--- START ---

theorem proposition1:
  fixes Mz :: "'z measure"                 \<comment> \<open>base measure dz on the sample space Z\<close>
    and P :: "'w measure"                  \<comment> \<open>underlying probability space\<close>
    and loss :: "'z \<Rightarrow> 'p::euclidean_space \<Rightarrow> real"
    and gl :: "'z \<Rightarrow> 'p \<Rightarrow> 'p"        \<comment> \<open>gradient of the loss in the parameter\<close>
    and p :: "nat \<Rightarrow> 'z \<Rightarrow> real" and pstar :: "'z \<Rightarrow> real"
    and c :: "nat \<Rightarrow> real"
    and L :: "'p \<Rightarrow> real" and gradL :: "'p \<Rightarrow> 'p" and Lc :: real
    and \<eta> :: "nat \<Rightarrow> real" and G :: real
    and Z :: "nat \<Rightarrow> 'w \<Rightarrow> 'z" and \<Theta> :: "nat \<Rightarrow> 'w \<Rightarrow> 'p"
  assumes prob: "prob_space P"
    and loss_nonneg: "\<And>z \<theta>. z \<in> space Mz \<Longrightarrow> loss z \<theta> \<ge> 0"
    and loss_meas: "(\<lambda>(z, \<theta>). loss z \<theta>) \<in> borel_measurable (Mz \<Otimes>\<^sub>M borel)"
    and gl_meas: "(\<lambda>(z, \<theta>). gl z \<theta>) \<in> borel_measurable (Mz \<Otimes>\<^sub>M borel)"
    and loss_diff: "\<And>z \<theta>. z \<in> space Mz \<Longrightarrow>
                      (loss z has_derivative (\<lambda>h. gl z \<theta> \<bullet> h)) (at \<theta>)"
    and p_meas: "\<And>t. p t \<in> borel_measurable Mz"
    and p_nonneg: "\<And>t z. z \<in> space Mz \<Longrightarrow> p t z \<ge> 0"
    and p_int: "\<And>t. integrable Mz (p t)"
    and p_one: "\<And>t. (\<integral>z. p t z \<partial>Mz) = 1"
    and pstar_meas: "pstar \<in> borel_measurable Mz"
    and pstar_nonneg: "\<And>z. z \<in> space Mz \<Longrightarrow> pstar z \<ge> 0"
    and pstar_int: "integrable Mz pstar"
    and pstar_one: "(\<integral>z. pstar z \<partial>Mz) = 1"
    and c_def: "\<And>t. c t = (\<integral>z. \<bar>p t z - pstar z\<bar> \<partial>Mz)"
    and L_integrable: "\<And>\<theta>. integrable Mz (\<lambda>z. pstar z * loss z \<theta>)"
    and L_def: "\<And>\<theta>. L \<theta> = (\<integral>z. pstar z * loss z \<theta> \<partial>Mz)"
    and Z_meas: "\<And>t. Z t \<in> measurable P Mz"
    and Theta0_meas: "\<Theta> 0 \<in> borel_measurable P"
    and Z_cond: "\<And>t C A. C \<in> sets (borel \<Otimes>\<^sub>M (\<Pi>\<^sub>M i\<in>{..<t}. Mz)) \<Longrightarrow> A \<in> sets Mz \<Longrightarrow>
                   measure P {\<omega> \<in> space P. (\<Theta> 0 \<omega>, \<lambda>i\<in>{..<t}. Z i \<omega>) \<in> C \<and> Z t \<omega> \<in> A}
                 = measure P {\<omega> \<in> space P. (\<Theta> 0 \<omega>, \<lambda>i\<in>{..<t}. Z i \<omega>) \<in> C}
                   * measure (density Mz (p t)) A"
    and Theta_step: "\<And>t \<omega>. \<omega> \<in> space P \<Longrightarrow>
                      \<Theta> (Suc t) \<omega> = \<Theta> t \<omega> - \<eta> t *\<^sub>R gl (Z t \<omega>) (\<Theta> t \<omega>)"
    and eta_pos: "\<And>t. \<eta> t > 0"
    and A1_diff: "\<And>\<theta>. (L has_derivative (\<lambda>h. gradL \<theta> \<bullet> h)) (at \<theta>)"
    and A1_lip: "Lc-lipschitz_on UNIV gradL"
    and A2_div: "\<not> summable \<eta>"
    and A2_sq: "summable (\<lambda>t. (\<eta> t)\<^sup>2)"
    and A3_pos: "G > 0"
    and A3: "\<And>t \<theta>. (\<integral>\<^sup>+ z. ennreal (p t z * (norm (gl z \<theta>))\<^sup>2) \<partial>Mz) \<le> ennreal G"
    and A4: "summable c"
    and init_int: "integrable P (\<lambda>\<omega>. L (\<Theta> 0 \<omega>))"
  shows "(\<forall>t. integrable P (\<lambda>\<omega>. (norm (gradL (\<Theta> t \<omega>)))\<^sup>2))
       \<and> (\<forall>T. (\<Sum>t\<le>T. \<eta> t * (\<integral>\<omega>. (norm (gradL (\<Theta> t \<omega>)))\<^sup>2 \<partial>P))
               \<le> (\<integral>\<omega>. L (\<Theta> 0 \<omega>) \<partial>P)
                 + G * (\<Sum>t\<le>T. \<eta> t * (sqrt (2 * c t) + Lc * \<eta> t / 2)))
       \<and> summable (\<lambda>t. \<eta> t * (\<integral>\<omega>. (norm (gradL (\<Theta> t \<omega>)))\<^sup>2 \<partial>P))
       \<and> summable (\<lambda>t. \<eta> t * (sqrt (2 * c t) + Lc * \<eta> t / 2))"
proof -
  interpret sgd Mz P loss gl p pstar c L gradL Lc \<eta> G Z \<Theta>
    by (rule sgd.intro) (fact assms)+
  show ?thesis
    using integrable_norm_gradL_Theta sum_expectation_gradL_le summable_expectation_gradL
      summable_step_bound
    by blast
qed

--- END ---
--- START ---

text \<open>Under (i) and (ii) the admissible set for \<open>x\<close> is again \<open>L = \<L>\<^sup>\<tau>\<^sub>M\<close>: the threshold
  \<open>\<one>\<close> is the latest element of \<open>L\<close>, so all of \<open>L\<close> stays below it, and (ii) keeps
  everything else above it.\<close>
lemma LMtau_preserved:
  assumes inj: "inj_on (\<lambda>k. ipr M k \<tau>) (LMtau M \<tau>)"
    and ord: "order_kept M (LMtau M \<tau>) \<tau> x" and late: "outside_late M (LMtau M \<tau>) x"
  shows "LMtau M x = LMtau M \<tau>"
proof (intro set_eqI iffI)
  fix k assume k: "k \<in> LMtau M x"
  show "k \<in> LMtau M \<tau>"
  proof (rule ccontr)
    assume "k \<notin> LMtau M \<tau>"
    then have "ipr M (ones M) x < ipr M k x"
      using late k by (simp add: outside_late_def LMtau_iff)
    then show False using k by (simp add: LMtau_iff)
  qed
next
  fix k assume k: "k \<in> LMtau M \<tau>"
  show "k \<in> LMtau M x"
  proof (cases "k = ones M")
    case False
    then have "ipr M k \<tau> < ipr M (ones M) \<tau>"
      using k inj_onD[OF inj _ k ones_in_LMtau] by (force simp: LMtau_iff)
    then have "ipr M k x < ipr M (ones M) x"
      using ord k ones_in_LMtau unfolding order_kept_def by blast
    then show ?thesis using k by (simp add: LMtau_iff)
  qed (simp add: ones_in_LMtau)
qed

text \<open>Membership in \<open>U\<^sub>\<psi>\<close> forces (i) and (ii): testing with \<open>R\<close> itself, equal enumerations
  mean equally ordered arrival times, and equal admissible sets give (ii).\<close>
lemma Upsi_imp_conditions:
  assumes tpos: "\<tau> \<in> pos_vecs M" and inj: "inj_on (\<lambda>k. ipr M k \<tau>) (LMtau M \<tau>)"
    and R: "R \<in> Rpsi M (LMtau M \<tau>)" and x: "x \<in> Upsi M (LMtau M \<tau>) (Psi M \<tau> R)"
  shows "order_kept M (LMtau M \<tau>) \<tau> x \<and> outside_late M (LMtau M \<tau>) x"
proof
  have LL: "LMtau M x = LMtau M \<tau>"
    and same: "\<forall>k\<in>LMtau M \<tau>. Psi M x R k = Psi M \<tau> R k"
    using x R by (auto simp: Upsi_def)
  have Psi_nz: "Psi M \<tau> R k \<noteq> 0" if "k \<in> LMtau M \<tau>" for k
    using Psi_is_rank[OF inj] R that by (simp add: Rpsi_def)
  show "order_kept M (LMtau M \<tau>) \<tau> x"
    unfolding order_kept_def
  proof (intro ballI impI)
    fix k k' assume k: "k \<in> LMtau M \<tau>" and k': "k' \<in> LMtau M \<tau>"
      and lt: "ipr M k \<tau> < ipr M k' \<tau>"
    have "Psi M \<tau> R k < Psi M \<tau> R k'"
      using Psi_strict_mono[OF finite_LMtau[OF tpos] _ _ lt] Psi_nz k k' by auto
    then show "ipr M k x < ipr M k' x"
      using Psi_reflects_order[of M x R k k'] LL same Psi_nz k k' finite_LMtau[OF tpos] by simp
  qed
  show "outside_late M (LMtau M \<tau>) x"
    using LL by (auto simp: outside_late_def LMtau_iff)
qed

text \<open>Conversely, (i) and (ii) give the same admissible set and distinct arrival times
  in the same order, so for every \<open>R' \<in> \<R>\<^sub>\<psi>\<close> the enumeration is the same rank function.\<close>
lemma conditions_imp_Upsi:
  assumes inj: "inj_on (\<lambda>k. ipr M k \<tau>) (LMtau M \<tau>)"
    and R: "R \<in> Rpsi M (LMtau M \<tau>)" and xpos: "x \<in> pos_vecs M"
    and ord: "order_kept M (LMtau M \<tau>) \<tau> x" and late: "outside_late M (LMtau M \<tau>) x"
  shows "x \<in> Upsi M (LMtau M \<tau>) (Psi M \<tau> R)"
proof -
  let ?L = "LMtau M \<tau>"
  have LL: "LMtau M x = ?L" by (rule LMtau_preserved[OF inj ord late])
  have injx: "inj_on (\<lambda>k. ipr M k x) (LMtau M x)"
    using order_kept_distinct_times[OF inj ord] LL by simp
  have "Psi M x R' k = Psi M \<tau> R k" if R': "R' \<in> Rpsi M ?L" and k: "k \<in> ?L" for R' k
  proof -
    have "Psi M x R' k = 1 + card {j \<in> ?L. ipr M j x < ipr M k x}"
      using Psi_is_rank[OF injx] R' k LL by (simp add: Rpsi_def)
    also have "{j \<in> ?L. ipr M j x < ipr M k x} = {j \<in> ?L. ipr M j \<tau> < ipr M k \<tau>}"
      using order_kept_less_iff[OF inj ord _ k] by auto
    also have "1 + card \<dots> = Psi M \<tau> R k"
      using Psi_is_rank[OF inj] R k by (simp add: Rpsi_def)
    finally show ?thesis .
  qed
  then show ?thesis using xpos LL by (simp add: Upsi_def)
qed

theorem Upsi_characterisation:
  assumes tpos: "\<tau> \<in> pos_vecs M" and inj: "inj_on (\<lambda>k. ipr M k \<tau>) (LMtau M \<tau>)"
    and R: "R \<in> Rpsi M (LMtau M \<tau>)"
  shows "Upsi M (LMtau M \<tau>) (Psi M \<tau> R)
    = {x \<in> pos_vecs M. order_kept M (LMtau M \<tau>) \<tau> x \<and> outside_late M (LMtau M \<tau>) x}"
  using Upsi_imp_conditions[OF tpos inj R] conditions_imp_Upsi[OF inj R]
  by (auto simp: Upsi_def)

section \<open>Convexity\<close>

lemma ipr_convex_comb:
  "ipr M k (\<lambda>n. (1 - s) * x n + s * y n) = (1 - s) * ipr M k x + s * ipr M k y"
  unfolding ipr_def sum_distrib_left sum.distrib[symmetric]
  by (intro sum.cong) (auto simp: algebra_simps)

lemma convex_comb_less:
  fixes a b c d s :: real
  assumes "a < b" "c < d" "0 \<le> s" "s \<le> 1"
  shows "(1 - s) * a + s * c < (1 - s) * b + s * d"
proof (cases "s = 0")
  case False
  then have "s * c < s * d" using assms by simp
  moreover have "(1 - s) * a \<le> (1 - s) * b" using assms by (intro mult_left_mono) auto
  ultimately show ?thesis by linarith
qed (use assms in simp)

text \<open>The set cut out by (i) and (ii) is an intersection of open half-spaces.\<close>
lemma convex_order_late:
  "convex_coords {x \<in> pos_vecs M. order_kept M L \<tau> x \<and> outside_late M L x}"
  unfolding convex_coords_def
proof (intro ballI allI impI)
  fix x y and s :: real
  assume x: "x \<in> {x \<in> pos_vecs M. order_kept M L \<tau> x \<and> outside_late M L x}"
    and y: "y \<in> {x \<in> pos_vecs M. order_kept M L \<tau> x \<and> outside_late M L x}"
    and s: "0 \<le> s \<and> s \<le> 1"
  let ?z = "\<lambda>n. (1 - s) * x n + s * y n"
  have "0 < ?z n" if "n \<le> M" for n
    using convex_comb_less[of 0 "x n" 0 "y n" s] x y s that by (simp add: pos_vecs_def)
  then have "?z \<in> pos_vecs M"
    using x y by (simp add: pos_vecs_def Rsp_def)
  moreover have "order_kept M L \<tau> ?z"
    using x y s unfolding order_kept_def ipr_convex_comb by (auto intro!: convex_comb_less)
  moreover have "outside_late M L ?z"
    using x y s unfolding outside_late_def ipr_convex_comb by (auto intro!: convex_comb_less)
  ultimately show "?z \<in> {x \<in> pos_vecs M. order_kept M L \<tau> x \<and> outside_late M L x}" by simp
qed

--- END ---

- INSTRUCTIONS FOR THE TASK
Show each line of the material that includes the string "text" by copying it.

- SOLUTION
text \<open>Under (i) and (ii) the admissible set for \<open>x\<close> is again \<open>L = \<L>\<^sup>\<tau>\<^sub>M\<close>: the threshold
text \<open>Membership in \<open>U\<^sub>\<psi>\<close> forces (i) and (ii): testing with \<open>R\<close> itself, equal enumerations
text \<open>Conversely, (i) and (ii) give the same admissible set and distinct arrival times
text \<open>The set cut out by (i) and (ii) is an intersection of open half-spaces.\<close>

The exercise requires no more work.